Сейчас Степан Николаевич нащупал «новую слабость» Кости и, пользуясь каждым удобным случаем, добродушно-язвительно улыбаясь, всячески «высмеивал» его затею.

— Тэк-с, тэк-с, тэк-с… — начинал он, входя в кабинет и привычно на ходу закручивая папиросу. — Тэк-с, значит, новое увлечение?

— Значит — новое увлечение… — уклонялся от спора Костя.

— Значит — «эндокринология»? — скандировал старик.

— Значит — эндокринология.

— «Инте-ре-сней-шая область»?

— Интереснейшая область.

— «Открывающая безграничные перспективы перед молодым врачом?»

— Совершенно точно.

Степан Николаевич саркастически цитировал слова Кости, сказанные им накануне в кругу товарищей. И сейчас Костя отделывался шутливо-лаконичными фразами. Но старик напористо донимал его хитрыми вопросами и невольно вовлекал в спор.

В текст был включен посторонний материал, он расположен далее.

text \<open>Fubini and the Gaussian Fourier pair: integrating w cnj(\<Phi>) against a character gives
  the convolution of cnj(\<phi>) with the Gaussian kernel.\<close>
lemma gauss_window_convolution:
  assumes s: "\<sigma> > 0" and [measurable]: "\<phi> \<in> borel_measurable borel" and \<phi>i: "integrable lborel \<phi>"
  shows "(\<integral>\<eta>. complex_of_real (gauss_window \<sigma> \<eta>) * cnj (fourier_integral \<phi> \<eta>)
            * exp (- \<i> * complex_of_real (s*\<eta>)) \<partial>lborel)
     = (\<integral>t. cnj (\<phi> t) * complex_of_real (gauss_kernel \<sigma> (t - s)) \<partial>lborel)"
proof -
  let ?w = "gauss_window \<sigma>" and ?e = "\<lambda>s \<eta>. exp (- \<i> * complex_of_real (s*\<eta>))"
  have [measurable]: "?w \<in> borel_measurable borel" unfolding gauss_window_def by measurable
  have "(\<integral>\<eta>. complex_of_real (?w \<eta>) * cnj (fourier_integral \<phi> \<eta>) * ?e s \<eta> \<partial>lborel)
     = (\<integral>\<eta>. \<integral>t. complex_of_real (?w \<eta>) * cnj (\<phi> t * ?e t \<eta>) * ?e s \<eta> \<partial>lborel \<partial>lborel)"
  proof (intro Bochner_Integration.integral_cong refl)
    fix \<eta>
    have "cnj (fourier_integral \<phi> \<eta>) = (\<integral>t. cnj (\<phi> t * ?e t \<eta>) \<partial>lborel)"
      unfolding fourier_integral_def by (simp only: Bochner_Integration.integral_cnj)
    then show "complex_of_real (?w \<eta>) * cnj (fourier_integral \<phi> \<eta>) * ?e s \<eta>
        = (\<integral>t. complex_of_real (?w \<eta>) * cnj (\<phi> t * ?e t \<eta>) * ?e s \<eta> \<partial>lborel)"
      by simp
  qed
  also have "\<dots> = (\<integral>t. \<integral>\<eta>. complex_of_real (?w \<eta>) * cnj (\<phi> t * ?e t \<eta>) * ?e s \<eta> \<partial>lborel \<partial>lborel)"
  proof (rule lborel_pair.Fubini_integral[where f="\<lambda>t \<eta>. complex_of_real (?w \<eta>) * cnj (\<phi> t * ?e t \<eta>) * ?e s \<eta>"])
    show "integrable (lborel \<Otimes>\<^sub>M lborel) (\<lambda>(t, \<eta>). complex_of_real (?w \<eta>) * cnj (\<phi> t * ?e t \<eta>) * ?e s \<eta>)"
      using \<phi>i gauss_window_integrable[OF s]
      by (intro integrable_pair_product_bound[where f="\<lambda>t. cmod (\<phi> t)" and g="?w"])
        (auto simp: norm_mult gauss_window_def)
  qed
  also have "\<dots> = (\<integral>t. cnj (\<phi> t) * complex_of_real (gauss_kernel \<sigma> (t - s)) \<partial>lborel)"
  proof (intro Bochner_Integration.integral_cong refl)
    fix t
    have "complex_of_real (?w \<eta>) * cnj (\<phi> t * ?e t \<eta>) * ?e s \<eta>
        = cnj (\<phi> t) * (complex_of_real (?w \<eta>) * (cnj (?e t \<eta>) * ?e s \<eta>))" for \<eta>
      by (simp add: mult_ac)
    then have "(\<lambda>\<eta>. complex_of_real (?w \<eta>) * cnj (\<phi> t * ?e t \<eta>) * ?e s \<eta>)
        = (\<lambda>\<eta>. cnj (\<phi> t) * (complex_of_real (?w \<eta>) * exp (\<i> * complex_of_real ((t-s) * \<eta>))))"
      by (simp only: cnj_exp_mult)
    then show "(\<integral>\<eta>. complex_of_real (?w \<eta>) * cnj (\<phi> t * ?e t \<eta>) * ?e s \<eta> \<partial>lborel)
        = cnj (\<phi> t) * complex_of_real (gauss_kernel \<sigma> (t - s))"
      by (simp only: integral_mult_right_zero gauss_window_fourier[OF s])
  qed
  finally show ?thesis .
qed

— А то, что эта область — «темна вода во облацех», — вас не расхолаживает?

— Наоборот, именно это и привлекает. Надо работать, искать, находить!

— А то, что задолго до вас люди гораздо талантливее и умнее вас работали, искали и все-таки не находили, — тоже не страшно?

— Нисколько. Во-первых, много, очень много находили, а во-вторых, еще больше можно и должно найти.

— Подумаешь, какой Колумб нашелся.

— Зачем Колумб? — обидно смеялся Костя. — Вы путаете, он не занимался медициной. Пирогов, Боткин, Сеченов, Мечников, Павлов! Вот какие имена меня волнуют, вот кто меня влечет.

— Павлов?..

— Да, Павлов.

Степан Николаевич даже привскочил. Лицо его побледнело от гнева.

— Вы щенок! — внезапно вырвалось у него.

— Что?.. — вспыхнул оскорбленный Костя. — Что вы сказали? Повторите!

— Пожалуйста: щенок!

Костя вскочил. Лицо его стало зелено-бледным, губы дрожали. Он потемневшими глазами смотрел на ненавистного старика.

— Я щенок? — переспросил Костя. — Но разве это так уж плохо? Вы ненавидите молодых клиницистов потому, что сами ленивы и равнодушны! За тридцать лет вы ничего не смогли сделать и думаете, что никто не сможет? Сможем, сделаем! Увидите! А не вы — так другие увидят!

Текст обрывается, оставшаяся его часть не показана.